2. Enlightened Self-Interest
Menurut pandangan ini stabilitas dan kemakmuran ekonomi jangka panjang
hanya akan dapat dicapai jika perusahaan juga memasukkan unsur tanggung
jawab sosial kepada masyarakat paling tidak dalam tingkat yang minimal.
3. Social Contract
Berpendapat bahwa sebuah perusahaan dapat berusaha dalam perekonomian
karena adanya kontrak sosial (Social Contract) dengan masyarakat dan oleh
karenanya bertanggung jawab atau terikat dengan keinginan masyarakat
Dan konsekuensinya perusahaan harus memaksimumkan manfaat/keuntungan
sosial bagi masyarakat.
2.3. Pengertian Corporate Social Responsibility (CSR)

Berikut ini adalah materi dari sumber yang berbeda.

lemma critical_points_W10_diag:
  assumes "0 < l1 + l2"
  shows "{R. critical_point_on (\<lambda>R. W10 R (mat2 l1 0 0 l2)) SO R}
    = {mat 1, - mat 1} \<union> (if 2 < l1 + l2 then {R \<in> SO. R$1$1 \<in> {2 / (l1 + l2)}} else {})"
proof -
  define s where "s = l1 + l2"
  have W: "\<forall>R\<in>SO. W10 R (mat2 l1 0 0 l2) = (s * R$1$1 - 2)\<^sup>2 / 2 + (l1 - l2)\<^sup>2 / 2"
    by (simp add: s_def W10_diag_SO2)
  have g': "((\<lambda>a. (s * a - 2)\<^sup>2 / 2 + (l1 - l2)\<^sup>2 / 2) has_real_derivative s * (s * a - 2)) (at a)" for a
    by (auto intro!: derivative_eq_intros)
  have "{R. critical_point_on (\<lambda>R. W10 R (mat2 l1 0 0 l2)) SO R}
      = {R \<in> SO. R$1$1 \<in> {a \<in> {-1..1}. \<bar>a\<bar> = 1 \<or> s * (s * a - 2) = 0}}"
    using critical_point_on_SO2_entry_iff[OF W g'] SO2_entry_abs_le_1 by (auto simp: abs_le_iff)
  also have "\<dots> = {R \<in> SO. R$1$1 \<in> {1}} \<union> {R \<in> SO. R$1$1 \<in> {-1}}
      \<union> (if 2 < s then {R \<in> SO. R$1$1 \<in> {2 / s}} else {})"
    unfolding interval_critical_quadratic[OF assms[folded s_def]] by auto
  finally show ?thesis
    unfolding SO2_entry_fibre_1 SO2_entry_fibre_minus_1 s_def by auto
qed

lemma extremal_W10_diag:
  assumes "0 < l1 + l2"
  shows "{R \<in> SO. \<forall>S\<in>SO. W10 S (mat2 l1 0 0 l2) \<le> W10 R (mat2 l1 0 0 l2)} = {- mat 1}"
    and "{R \<in> SO. \<forall>S\<in>SO. W10 R (mat2 l1 0 0 l2) \<le> W10 S (mat2 l1 0 0 l2)}
      = (if l1 + l2 \<le> 2 then {mat 1} else {R \<in> SO. R$1$1 \<in> {2 / (l1 + l2)}})"
proof -
  define s where "s = l1 + l2"
  define g where "g a = (s * a - 2)\<^sup>2 / 2 + (l1 - l2)\<^sup>2 / 2" for a
  have W: "\<forall>R\<in>SO. W10 R (mat2 l1 0 0 l2) = g (R$1$1)"
    by (simp add: g_def s_def W10_diag_SO2)
  have g_le: "g a \<le> g b \<longleftrightarrow> (s * a - 2)\<^sup>2 \<le> (s * b - 2)\<^sup>2" for a b
    by (simp add: g_def)
  have s: "0 < s"
    using assms by (simp add: s_def)
  show "{R \<in> SO. \<forall>S\<in>SO. W10 S (mat2 l1 0 0 l2) \<le> W10 R (mat2 l1 0 0 l2)} = {- mat 1}"
    unfolding SO2_extremal_entry[OF W, of "\<lambda>x y. y \<le> x"] g_le interval_argmax_quadratic[OF s]
      SO2_entry_fibre_minus_1 ..
  have argmin: "{a \<in> {-1..1}. \<forall>b\<in>{-1..1}. (s * a - 2)\<^sup>2 \<le> (s * b - 2)\<^sup>2}
      = (if s \<le> 2 then {1} else {2 / s})"
  proof (cases "s \<le> 2")
    case True
    then show ?thesis
      using interval_argmin_quadratic_small[OF s True] by simp
  next
    case False
    then show ?thesis
      using interval_argmin_quadratic_large[of s] by simp
  qed
  have "{R \<in> SO. \<forall>S\<in>SO. W10 R (mat2 l1 0 0 l2) \<le> W10 S (mat2 l1 0 0 l2)}
      = {R \<in> SO. R$1$1 \<in> (if s \<le> 2 then {1} else {2 / s})}"
    unfolding SO2_extremal_entry[OF W, of "\<lambda>x y. x \<le> y"] g_le argmin ..
  also have "\<dots> = (if s \<le> 2 then {mat 1} else {R \<in> SO. R$1$1 \<in> {2 / s}})"
    using SO2_entry_fibre_1 by (cases "s \<le> 2") auto
  finally show "{R \<in> SO. \<forall>S\<in>SO. W10 R (mat2 l1 0 0 l2) \<le> W10 S (mat2 l1 0 0 l2)}
      = (if l1 + l2 \<le> 2 then {mat 1} else {R \<in> SO. R$1$1 \<in> {2 / (l1 + l2)}})"
    unfolding s_def .
qed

Perubahan sosial ekonomi masyarakat dan kompetisi bisnis saat ini
menuntut adanya inovasi pengelolaan perusahaan dalam menjalankan bisnisnya.
Perusahaan tidak lagi cukup hanya berorientasi pada keuntungan (single bottom
line) semata, melainkan juga pada kontribusinya terhadap pembangunan
masyarakat. Aktivitas perusahaan untuk berpartisipasi dalam proses
pembangunan masyarakat inilah yang sekarang dikenal sebagai tanggung jawab
sosial perusahaan atau sering disebut Corporate Social Responsibility (CSR)
(Soemanto:2007)
Ada beberapa definisi yang mengambarkan bentuk Tanggung jawab
sosial perusahaan diantaranya :
Untung (2007) mendefinisikan Corporate Social Responsibility sebagai
komitmen perusahaan atau dunia bisnis untuk berkontribusi dalam
pengembangan ekonomi yang berkelanjutan dengan memperhatikan tanggung
jawab sosial perusahaan dan menitik beratkan pada keseimbangan antara
perhatian terhadap aspek ekonomis, sosial, dan lingkungan.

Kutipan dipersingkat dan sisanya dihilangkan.